WORK TASK — Print the listing in full, keeping every line exactly as it is.

DATA FOR THIS TASK —
(* Let $k$ be a positive integer and let $G$ and $G'$ be non-regular graphs with maximum degree $2$ that have the same number of vertices and the same number of edges. If every cycle (component) in $G$ and $G'$ has more than $k$ vertices and every path component of $G$ and $G'$ has at least $k-1$ vertices, then $\mathcal{D}_k(G)=\mathcal{D}_k(G')$.
   Context: The $k$-deck $\mathcal{D}_k(G)$ is the multiset of isomorphism classes of the induced subgraphs of $G$ on $k$ vertices. A graph of maximum degree $2$ has components that are paths and cycles. *)

theory Defs
  imports Main
begin

type_synonym 'a graph = "'a set \<times> 'a set set"

definition simple_graph :: "'a graph \<Rightarrow> bool" where
  "simple_graph G \<longleftrightarrow> finite (fst G) \<and>
     (\<forall>e\<in>snd G. \<exists>u v. u \<noteq> v \<and> e = {u, v} \<and> u \<in> fst G \<and> v \<in> fst G)"

definition degree :: "'a graph \<Rightarrow> 'a \<Rightarrow> nat" where
  "degree G v = card {u \<in> fst G. {u, v} \<in> snd G}"

definition max_degree_two :: "'a graph \<Rightarrow> bool" where
  "max_degree_two G \<longleftrightarrow> (\<forall>v\<in>fst G. degree G v \<le> 2) \<and> (\<exists>v\<in>fst G. degree G v = 2)"

definition regular :: "'a graph \<Rightarrow> bool" where
  "regular G \<longleftrightarrow> (\<forall>u\<in>fst G. \<forall>v\<in>fst G. degree G u = degree G v)"

definition induced :: "'a graph \<Rightarrow> 'a set \<Rightarrow> 'a graph" where
  "induced G S = (S, {e \<in> snd G. e \<subseteq> S})"

definition graph_iso :: "'a graph \<Rightarrow> 'b graph \<Rightarrow> bool" where
  "graph_iso G H \<longleftrightarrow> (\<exists>f. bij_betw f (fst G) (fst H) \<and>
     (\<forall>u\<in>fst G. \<forall>v\<in>fst G. {u, v} \<in> snd G \<longleftrightarrow> {f u, f v} \<in> snd H))"

text \<open>Multiplicity of the isomorphism class of H in the k-deck of G.\<close>
definition deck_count :: "'a graph \<Rightarrow> nat \<Rightarrow> nat graph \<Rightarrow> nat" where
  "deck_count G k H = card {S. S \<subseteq> fst G \<and> card S = k \<and> graph_iso (induced G S) H}"

text \<open>Equality of k-decks (as multisets of isomorphism classes): every isomorphism
  class, represented by a graph on natural numbers, occurs equally often.\<close>
definition same_deck :: "nat \<Rightarrow> 'a graph \<Rightarrow> 'b graph \<Rightarrow> bool" where
  "same_deck k G G' \<longleftrightarrow> (\<forall>H :: nat graph. deck_count G k H = deck_count G' k H)"

definition adj :: "'a graph \<Rightarrow> ('a \<times> 'a) set" where
  "adj G = {(u, v). {u, v} \<in> snd G}"

definition component :: "'a graph \<Rightarrow> 'a \<Rightarrow> 'a set" where
  "component G v = {u. (v, u) \<in> (adj G)\<^sup>*}"

definition components :: "'a graph \<Rightarrow> 'a set set" where
  "components G = component G ` fst G"

text \<open>In a graph of maximum degree 2, a component is a cycle iff all its vertices have
  degree 2; otherwise it is a path (possibly a single vertex).\<close>
definition cycle_component :: "'a graph \<Rightarrow> 'a set \<Rightarrow> bool" where
  "cycle_component G C \<longleftrightarrow> C \<in> components G \<and> (\<forall>v\<in>C. degree G v = 2)"

definition path_component :: "'a graph \<Rightarrow> 'a set \<Rightarrow> bool" where
  "path_component G C \<longleftrightarrow> C \<in> components G \<and> \<not> (\<forall>v\<in>C. degree G v = 2)"

end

OUTPUT —
(* Let $k$ be a positive integer and let $G$ and $G'$ be non-regular graphs with maximum degree $2$ that have the same number of vertices and the same number of edges. If every cycle (component) in $G$ and $G'$ has more than $k$ vertices and every path component of $G$ and $G'$ has at least $k-1$ vertices, then $\mathcal{D}_k(G)=\mathcal{D}_k(G')$.
   Context: The $k$-deck $\mathcal{D}_k(G)$ is the multiset of isomorphism classes of the induced subgraphs of $G$ on $k$ vertices. A graph of maximum degree $2$ has components that are paths and cycles. *)

theory Defs
  imports Main
begin

type_synonym 'a graph = "'a set \<times> 'a set set"

definition simple_graph :: "'a graph \<Rightarrow> bool" where
  "simple_graph G \<longleftrightarrow> finite (fst G) \<and>
     (\<forall>e\<in>snd G. \<exists>u v. u \<noteq> v \<and> e = {u, v} \<and> u \<in> fst G \<and> v \<in> fst G)"

definition degree :: "'a graph \<Rightarrow> 'a \<Rightarrow> nat" where
  "degree G v = card {u \<in> fst G. {u, v} \<in> snd G}"

definition max_degree_two :: "'a graph \<Rightarrow> bool" where
  "max_degree_two G \<longleftrightarrow> (\<forall>v\<in>fst G. degree G v \<le> 2) \<and> (\<exists>v\<in>fst G. degree G v = 2)"

definition regular :: "'a graph \<Rightarrow> bool" where
  "regular G \<longleftrightarrow> (\<forall>u\<in>fst G. \<forall>v\<in>fst G. degree G u = degree G v)"

definition induced :: "'a graph \<Rightarrow> 'a set \<Rightarrow> 'a graph" where
  "induced G S = (S, {e \<in> snd G. e \<subseteq> S})"

definition graph_iso :: "'a graph \<Rightarrow> 'b graph \<Rightarrow> bool" where
  "graph_iso G H \<longleftrightarrow> (\<exists>f. bij_betw f (fst G) (fst H) \<and>
     (\<forall>u\<in>fst G. \<forall>v\<in>fst G. {u, v} \<in> snd G \<longleftrightarrow> {f u, f v} \<in> snd H))"

text \<open>Multiplicity of the isomorphism class of H in the k-deck of G.\<close>
definition deck_count :: "'a graph \<Rightarrow> nat \<Rightarrow> nat graph \<Rightarrow> nat" where
  "deck_count G k H = card {S. S \<subseteq> fst G \<and> card S = k \<and> graph_iso (induced G S) H}"

text \<open>Equality of k-decks (as multisets of isomorphism classes): every isomorphism
  class, represented by a graph on natural numbers, occurs equally often.\<close>
definition same_deck :: "nat \<Rightarrow> 'a graph \<Rightarrow> 'b graph \<Rightarrow> bool" where
  "same_deck k G G' \<longleftrightarrow> (\<forall>H :: nat graph. deck_count G k H = deck_count G' k H)"

definition adj :: "'a graph \<Rightarrow> ('a \<times> 'a) set" where
  "adj G = {(u, v). {u, v} \<in> snd G}"

definition component :: "'a graph \<Rightarrow> 'a \<Rightarrow> 'a set" where
  "component G v = {u. (v, u) \<in> (adj G)\<^sup>*}"

definition components :: "'a graph \<Rightarrow> 'a set set" where
  "components G = component G ` fst G"

text \<open>In a graph of maximum degree 2, a component is a cycle iff all its vertices have
  degree 2; otherwise it is a path (possibly a single vertex).\<close>
definition cycle_component :: "'a graph \<Rightarrow> 'a set \<Rightarrow> bool" where
  "cycle_component G C \<longleftrightarrow> C \<in> components G \<and> (\<forall>v\<in>C. degree G v = 2)"

definition path_component :: "'a graph \<Rightarrow> 'a set \<Rightarrow> bool" where
  "path_component G C \<longleftrightarrow> C \<in> components G \<and> \<not> (\<forall>v\<in>C. degree G v = 2)"

end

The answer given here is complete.